Formal geht es eher um eine bürokratische Spitzfindigkeit. Weil es in Russland ein Künstlervisum, wie in anderen Ländern üblich, nicht gibt, reisen ausländische Musiker, Schauspieler und Artisten meist mit einem "humanitären Visum" ein. Das war lange Zeit kein großes Problem.

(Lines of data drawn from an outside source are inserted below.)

(* Let $\mathcal{U}(t):=2t\,\mathbb{E}\left[\log_+^2\left\{\frac{1+N_t}{t}\right\}\right]$ for $t>0$ (with $\mathcal{U}(0)=0$), where $N_t$ is a Poisson random variable with mean $t$ and $\log_+(u)=\max\{\log u,0\}$, and let $\mathcal{V}(t):=t\log^2\!\left(1+\frac{1}{\sqrt t}\right)$. Then $$\mathcal{U}(t)\le 2+\frac{2}{t}\ \text{ for all } t>0,\qquad \mathcal{U}(t)\le 2t\log^2\!\left(1+\frac1t\right)\ \text{ for all } t\in(0,e^{-1}].$$ In particular, $\mathcal{U}(t)\le 8$ and $\mathcal{U}(t)\le 21.5\,\mathcal{V}(t)$ for all $t\ge0$. *)

theory Defs
  imports "HOL-Probability.Probability"
begin

definition log_plus :: "real \<Rightarrow> real" where
  "log_plus u = max (ln u) 0"

definition U_fun :: "real \<Rightarrow> real" where
  "U_fun t = (if t = 0 then 0 else
     2 * t * measure_pmf.expectation (poisson_pmf t)
       (\<lambda>n::nat. (log_plus ((1 + real n) / t))\<^sup>2))"

definition V_fun :: "real \<Rightarrow> real" where
  "V_fun t = t * (ln (1 + 1 / sqrt t))\<^sup>2"

end

theory Submission
  imports Defs
begin

(* Write u = (1 + N)/t.  Both bounds majorise log_+^2 u by a function alpha + beta u + gamma/u,
   whose Poisson expectation is explicit because E u = 1 + 1/t and E (1/u) = 1 - exp (-t).
   For every t, log_+^2 u <= u - 2 + 1/u (this is 2 ln x <= x - 1/x at x = sqrt u), which gives
   U(t) <= 2 - 2 t exp (-t).  For t <= 1/e all values of u lie in [e, oo), where ln^2 is concave,
   so its tangent at the mean 1 + 1/t is a majorant: Jensen's inequality.  The comparison with V
   uses ln (1 + 1/t) <= 2 ln (1 + 1/sqrt t) for small t and V(t) >= 1/9 for t >= 1/4. *)

lemma expectation_nat_pmf_le_sums:
  fixes p :: "nat pmf" and f g :: "nat \<Rightarrow> real"
  assumes sums: "(\<lambda>n. pmf p n * g n) sums S"
    and nonneg: "\<And>n. 0 \<le> g n" and le: "\<And>n. f n \<le> g n"
  shows "measure_pmf.expectation p f \<le> S"
proof -
  have int: "integrable (count_space UNIV) (\<lambda>n. pmf p n * g n)"
    using sums nonneg unfolding integrable_count_space_nat_iff by (simp add: sums_iff abs_mult)
  then have "integrable (measure_pmf p) g"
    unfolding measure_pmf_eq_density by (subst integrable_density) auto
  then have "measure_pmf.expectation p f \<le> measure_pmf.expectation p g"
    using nonneg le by (intro integral_mono')
  also have "\<dots> = (\<integral>n. pmf p n * g n \<partial>count_space UNIV)"
    unfolding measure_pmf_eq_density by (subst integral_density) auto
  also have "\<dots> = S"
    using int sums by (subst integral_count_space_nat) (simp_all add: sums_iff)
  finally show ?thesis .
qed

lemma pmf_poisson_Suc:
  assumes "0 < t"
  shows "pmf (poisson_pmf t) (Suc n) = t / (1 + real n) * pmf (poisson_pmf t) n"
  using assms by (simp add: field_simps)

lemma poisson_pmf_sums_1:
  assumes "0 < t"
  shows "(\<lambda>n. pmf (poisson_pmf t) n) sums 1"
proof -
  have "(\<lambda>n. t ^ n / fact n) sums exp t"
    using exp_converges[of t] by (simp add: divide_inverse scaleR_conv_of_real mult.commute)
  then have "(\<lambda>n. t ^ n / fact n * exp (-t)) sums (exp t * exp (-t))"
    by (rule sums_mult2)
  then show ?thesis
    using assms by (simp add: mult_exp_exp)
qed

lemma poisson_pmf_mean_sums:
  assumes "0 < t"
  shows "(\<lambda>n. pmf (poisson_pmf t) n * real n) sums t"
proof -
  have "(\<lambda>n. t * pmf (poisson_pmf t) n) sums (t * 1)"
    using poisson_pmf_sums_1[OF assms] by (rule sums_mult)
  moreover have "(\<lambda>n. pmf (poisson_pmf t) (Suc n) * real (Suc n)) = (\<lambda>n. t * pmf (poisson_pmf t) n)"
    by (simp add: pmf_poisson_Suc[OF assms] del: pmf_poisson)
  ultimately have "(\<lambda>n. pmf (poisson_pmf t) (Suc n) * real (Suc n)) sums t"
    by simp
  then show ?thesis
    by (subst (asm) sums_Suc_iff) simp
qed

lemma poisson_pmf_inverse_Suc_sums:
  assumes "0 < t"
  shows "(\<lambda>n. pmf (poisson_pmf t) n / (1 + real n)) sums ((1 - exp (-t)) / t)"
proof -
  have "(\<lambda>n. pmf (poisson_pmf t) (Suc n)) sums (1 - pmf (poisson_pmf t) 0)"
    using poisson_pmf_sums_1[OF assms] by (subst sums_Suc_iff) simp
  then have "(\<lambda>n. pmf (poisson_pmf t) (Suc n) / t) sums ((1 - exp (-t)) / t)"
    using assms by (intro sums_divide) simp
  then show ?thesis
    using assms by (simp add: pmf_poisson_Suc[OF assms] del: pmf_poisson)
qed

lemma le_tangent_if_deriv_antimono:
  fixes f f' :: "real \<Rightarrow> real"
  assumes deriv: "\<And>y. l \<le> y \<Longrightarrow> (f has_real_derivative f' y) (at y)"
    and antimono: "\<And>y z. l \<le> y \<Longrightarrow> y \<le> z \<Longrightarrow> f' z \<le> f' y"
    and "l \<le> a" "l \<le> x"
  shows "f x \<le> f a + f' a * (x - a)"
proof -
  consider "x = a" | "a < x" | "x < a" by linarith
  then show ?thesis
  proof cases
    case 1
    then show ?thesis by simp
  next
    case 2
    then obtain z where "a < z" "f x - f a = (x - a) * f' z"
      using MVT2[of a x f f'] deriv \<open>l \<le> a\<close> by force
    moreover have "(x - a) * f' z \<le> (x - a) * f' a"
      using antimono \<open>l \<le> a\<close> \<open>a < z\<close> 2 by (simp add: mult_left_mono)
    ultimately show ?thesis
      by (simp add: algebra_simps)
  next
    case 3
    then obtain z where "x < z" "z < a" "f a - f x = (a - x) * f' z"
      using MVT2[of x a f f'] deriv \<open>l \<le> x\<close> by force
    moreover have "(a - x) * f' a \<le> (a - x) * f' z"
      using antimono \<open>l \<le> x\<close> \<open>x < z\<close> \<open>z < a\<close> 3 by (simp add: mult_left_mono)
    ultimately show ?thesis
      by (simp add: algebra_simps)
  qed
qed

lemma ln_sq_le_tangent:
  fixes a x :: real
  assumes "exp 1 \<le> a" "exp 1 \<le> x"
  shows "(ln x)\<^sup>2 \<le> (ln a)\<^sup>2 + 2 * ln a / a * (x - a)"
proof (rule le_tangent_if_deriv_antimono[where l = "exp 1"])
  fix y :: real
  assume "exp 1 \<le> y"
  then have "0 < y"
    using exp_gt_zero[of 1] by linarith
  then show "((\<lambda>y. (ln y)\<^sup>2) has_real_derivative 2 * ln y / y) (at y)"
    by (auto intro!: derivative_eq_intros)
next
  fix y z :: real
  assume "exp 1 \<le> y" "y \<le> z"
  then show "2 * ln z / z \<le> 2 * ln y / y"
    using ln_x_over_x_mono by fastforce
qed (use assms in auto)

lemma two_ln_le_diff_inverse:
  fixes x :: real
  assumes "1 \<le> x"
  shows "2 * ln x \<le> x - 1 / x"
proof -
  have "(\<lambda>y. y - 1 / y - 2 * ln y) 1 \<le> (\<lambda>y. y - 1 / y - 2 * ln y) x"
  proof (rule DERIV_nonneg_imp_nondecreasing[OF assms])
    fix y :: real
    assume "1 \<le> y"
    then have "((\<lambda>y. y - 1 / y - 2 * ln y) has_real_derivative 1 + 1 / y\<^sup>2 - 2 / y) (at y)"
      by (auto intro!: derivative_eq_intros simp: power2_eq_square)
    moreover have "1 + 1 / y\<^sup>2 - 2 / y = (1 - 1 / y)\<^sup>2"
      by (simp add: power2_eq_square algebra_simps)
    ultimately show "\<exists>d. ((\<lambda>y. y - 1 / y - 2 * ln y) has_real_derivative d) (at y) \<and> 0 \<le> d"
      by (metis zero_le_power2)
  qed
  then show ?thesis
    by simp
qed

lemma log_plus_sq_le:
  fixes u :: real
  assumes "0 < u"
  shows "(log_plus u)\<^sup>2 \<le> u - 2 + 1 / u"
proof (cases "1 \<le> u")
  case False
  then have "log_plus u = 0"
    using assms unfolding log_plus_def by simp
  moreover have "u - 2 + 1 / u = (u - 1)\<^sup>2 / u"
    using assms by (simp add: power2_eq_square field_simps)
  ultimately show ?thesis
    using assms by simp
next
  case True
  have "0 \<le> ln u"
    using True by simp
  moreover have "ln u \<le> sqrt u - 1 / sqrt u"
    using two_ln_le_diff_inverse[of "sqrt u"] True assms by (simp add: ln_sqrt)
  ultimately have "(ln u)\<^sup>2 \<le> (sqrt u - 1 / sqrt u)\<^sup>2"
    by (simp add: power_mono)
  also have "\<dots> = u - 2 + 1 / u"
    using assms by (simp add: power2_eq_square field_simps)
  finally show ?thesis
    using \<open>0 \<le> ln u\<close> unfolding log_plus_def by simp
qed

lemma U_fun_le_of_majorant:
  assumes t: "0 < t"
    and majorant: "\<And>n. (log_plus ((1 + real n) / t))\<^sup>2
      \<le> \<alpha> + \<beta> * ((1 + real n) / t) + \<gamma> / ((1 + real n) / t)"
  shows "U_fun t \<le> 2 * t * (\<alpha> + \<beta> * (1 + 1 / t) + \<gamma> * (1 - exp (-t)))"
proof -
  let ?p = "poisson_pmf t"
  define g where "g n = \<alpha> + \<beta> * ((1 + real n) / t) + \<gamma> / ((1 + real n) / t)" for n
  have g_expand: "(\<alpha> + \<beta> / t) * q + \<beta> / t * (q * real n) + \<gamma> * t * (q / (1 + real n)) = q * g n"
    for q :: real and n
    unfolding g_def using t by (simp add: field_simps)
  have "(\<lambda>n. (\<alpha> + \<beta> / t) * pmf ?p n + \<beta> / t * (pmf ?p n * real n) + \<gamma> * t * (pmf ?p n / (1 + real n)))
      sums ((\<alpha> + \<beta> / t) * 1 + \<beta> / t * t + \<gamma> * t * ((1 - exp (-t)) / t))"
    using poisson_pmf_sums_1[OF t] poisson_pmf_mean_sums[OF t] poisson_pmf_inverse_Suc_sums[OF t]
    by (intro sums_add sums_mult)
  then have "(\<lambda>n. pmf ?p n * g n) sums ((\<alpha> + \<beta> / t) * 1 + \<beta> / t * t + \<gamma> * t * ((1 - exp (-t)) / t))"
    by (simp only: g_expand)
  also have "(\<alpha> + \<beta> / t) * 1 + \<beta> / t * t + \<gamma> * t * ((1 - exp (-t)) / t)
      = \<alpha> + \<beta> * (1 + 1 / t) + \<gamma> * (1 - exp (-t))"
    using t by (simp add: field_simps)
  finally have "measure_pmf.expectation ?p (\<lambda>n. (log_plus ((1 + real n) / t))\<^sup>2)
      \<le> \<alpha> + \<beta> * (1 + 1 / t) + \<gamma> * (1 - exp (-t))"
    by (rule expectation_nat_pmf_le_sums)
      (use majorant in \<open>auto simp: g_def intro: order_trans[OF zero_le_power2]\<close>)
  then show ?thesis
    using t unfolding U_fun_def by simp
qed

lemma U_fun_le_2:
  assumes "0 \<le> t"
  shows "U_fun t \<le> 2"
proof (cases "t = 0")
  case True
  then show ?thesis
    by (simp add: U_fun_def)
next
  case False
  with assms have t: "0 < t"
    by simp
  have "(log_plus ((1 + real n) / t))\<^sup>2 \<le> -2 + 1 * ((1 + real n) / t) + 1 / ((1 + real n) / t)" for n
    using log_plus_sq_le[of "(1 + real n) / t"] t by simp
  then have "U_fun t \<le> 2 * t * (-2 + 1 * (1 + 1 / t) + 1 * (1 - exp (-t)))"
    by (rule U_fun_le_of_majorant[OF t])
  also have "\<dots> = 2 - 2 * t * exp (-t)"
    using t by (simp add: algebra_simps)
  also have "\<dots> \<le> 2"
    using t by simp
  finally show ?thesis .
qed

lemma U_fun_le_tangent_bound:
  assumes t: "0 < t" "t \<le> exp (-1)"
  shows "U_fun t \<le> 2 * t * (ln (1 + 1 / t))\<^sup>2"
proof -
  define a where "a = 1 + 1 / t"
  define c where "c = 2 * ln a / a"
  have e_le: "exp 1 \<le> (1 + real n) / t" for n
  proof -
    have "exp 1 \<le> 1 / t"
      using t by (simp add: exp_minus field_simps)
    also have "\<dots> \<le> (1 + real n) / t"
      using t by (simp add: divide_right_mono)
    finally show ?thesis .
  qed
  have "exp 1 \<le> a"
    using e_le[of 0] unfolding a_def by simp
  have "(log_plus ((1 + real n) / t))\<^sup>2 \<le> ((ln a)\<^sup>2 - c * a) + c * ((1 + real n) / t) + 0 / ((1 + real n) / t)" for n
  proof -
    have "1 \<le> (1 + real n) / t"
      using e_le[of n] one_le_exp_iff[of 1] by linarith
    then have "log_plus ((1 + real n) / t) = ln ((1 + real n) / t)"
      unfolding log_plus_def by simp
    then show ?thesis
      using ln_sq_le_tangent[OF \<open>exp 1 \<le> a\<close> e_le[of n]] unfolding c_def by (simp add: right_diff_distrib)
  qed
  then have "U_fun t \<le> 2 * t * (((ln a)\<^sup>2 - c * a) + c * (1 + 1 / t) + 0 * (1 - exp (-t)))"
    by (rule U_fun_le_of_majorant[OF t(1)])
  then show ?thesis
    unfolding a_def by simp
qed

lemma tangent_bound_le_V_fun:
  assumes "0 < t"
  shows "2 * t * (ln (1 + 1 / t))\<^sup>2 \<le> 8 * V_fun t"
proof -
  define s where "s = 1 / sqrt t"
  have "0 < s"
    using assms by (simp add: s_def)
  have "1 + 1 / t = 1 + s\<^sup>2"
    using assms by (simp add: s_def power_divide)
  also have "\<dots> \<le> (1 + s)\<^sup>2"
    using \<open>0 < s\<close> by (simp add: power2_eq_square algebra_simps)
  finally have "ln (1 + 1 / t) \<le> ln ((1 + s)\<^sup>2)"
    by (rule ln_mono) (use assms in \<open>simp add: add_pos_pos\<close>)
  also have "\<dots> = 2 * ln (1 + s)"
    using \<open>0 < s\<close> by (simp add: ln_realpow)
  finally have "(ln (1 + 1 / t))\<^sup>2 \<le> (2 * ln (1 + s))\<^sup>2"
    using assms by (intro power_mono) simp_all
  then show ?thesis
    using assms unfolding V_fun_def s_def by (simp add: power_mult_distrib)
qed

lemma V_fun_ge_one_ninth:
  assumes "1 / 4 \<le> t"
  shows "1 / 9 \<le> V_fun t"
proof -
  define s where "s = 1 / sqrt t"
  have t: "0 < t"
    using assms by simp
  have "0 < s"
    using t by (simp add: s_def)
  have "sqrt (1 / 4) \<le> sqrt t"
    using assms by (rule real_sqrt_le_mono)
  then have "s \<le> 2"
    using t by (simp add: s_def real_sqrt_divide field_simps)
  have "ln (1 / (1 + s)) \<le> 1 / (1 + s) - 1"
    using \<open>0 < s\<close> by (intro ln_le_minus_one) simp
  then have "s / (1 + s) \<le> ln (1 + s)"
    using \<open>0 < s\<close> by (simp add: ln_div field_simps)
  then have "t * (s / (1 + s))\<^sup>2 \<le> t * (ln (1 + s))\<^sup>2"
    using t \<open>0 < s\<close> by (intro mult_left_mono power_mono) simp_all
  moreover have "t * (s / (1 + s))\<^sup>2 = 1 / (1 + s)\<^sup>2"
  proof -
    have "t * s\<^sup>2 = 1"
      using t by (simp add: s_def power_divide)
    then show ?thesis
      by (simp add: power_divide)
  qed
  moreover have "1 / 9 \<le> 1 / (1 + s)\<^sup>2"
  proof -
    have "(1 + s)\<^sup>2 \<le> 3\<^sup>2"
      using \<open>0 < s\<close> \<open>s \<le> 2\<close> by (intro power_mono) simp_all
    then show ?thesis
      using \<open>0 < s\<close> by (simp add: field_simps)
  qed
  ultimately show ?thesis
    unfolding V_fun_def s_def by simp
qed

lemma U_fun_le_V_fun:
  assumes "0 \<le> t"
  shows "U_fun t \<le> 21.5 * V_fun t"
proof -
  consider "t = 0" | "0 < t" "t \<le> exp (-1)" | "exp (-1) < t"
    using assms by linarith
  then show ?thesis
  proof cases
    case 1
    then show ?thesis
      by (simp add: U_fun_def V_fun_def)
  next
    case 2
    have "0 \<le> V_fun t"
      using 2 unfolding V_fun_def by simp
    then show ?thesis
      using U_fun_le_tangent_bound[OF 2] tangent_bound_le_V_fun[OF 2(1)] by linarith
  next
    case 3
    have "1 / 4 \<le> exp (-1 :: real)"
      using exp_le by (simp add: exp_minus field_simps)
    then have "1 / 9 \<le> V_fun t"
      using 3 by (intro V_fun_ge_one_ninth) linarith
    then show ?thesis
      using U_fun_le_2[OF assms] by linarith
  qed
qed

theorem lemma4:
  shows "(\<forall>t>0. U_fun t \<le> 2 + 2 / t)
    \<and> (\<forall>t. 0 < t \<and> t \<le> exp (-1) \<longrightarrow> U_fun t \<le> 2 * t * (ln (1 + 1 / t))\<^sup>2)
    \<and> (\<forall>t\<ge>0. U_fun t \<le> 8)
    \<and> (\<forall>t\<ge>0. U_fun t \<le> 21.5 * V_fun t)"
proof (intro conjI allI impI)
  fix t :: real
  assume "0 < t"
  then show "U_fun t \<le> 2 + 2 / t"
    using U_fun_le_2[of t] by (simp add: add_increasing2)
next
  fix t :: real
  assume "0 < t \<and> t \<le> exp (-1)"
  then show "U_fun t \<le> 2 * t * (ln (1 + 1 / t))\<^sup>2"
    by (intro U_fun_le_tangent_bound) simp_all
next
  fix t :: real
  assume "0 \<le> t"
  then show "U_fun t \<le> 8"
    using U_fun_le_2[of t] by simp
next
  fix t :: real
  assume "0 \<le> t"
  then show "U_fun t \<le> 21.5 * V_fun t"
    by (rule U_fun_le_V_fun)
qed

end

Aber dann trat Madonna auf. In Moskau setzte sie sich öffentlich für die kremlkritische Band Pussy Riot ein, in St. Petersburg solidarisierte sie sich mit Homosexuellen - zum Verdruss des Stadtabgeordneten Witalij Milonow, der die Verschärfung des Homo-Gesetzes in Petersburg maßgeblich angetrieben hatte.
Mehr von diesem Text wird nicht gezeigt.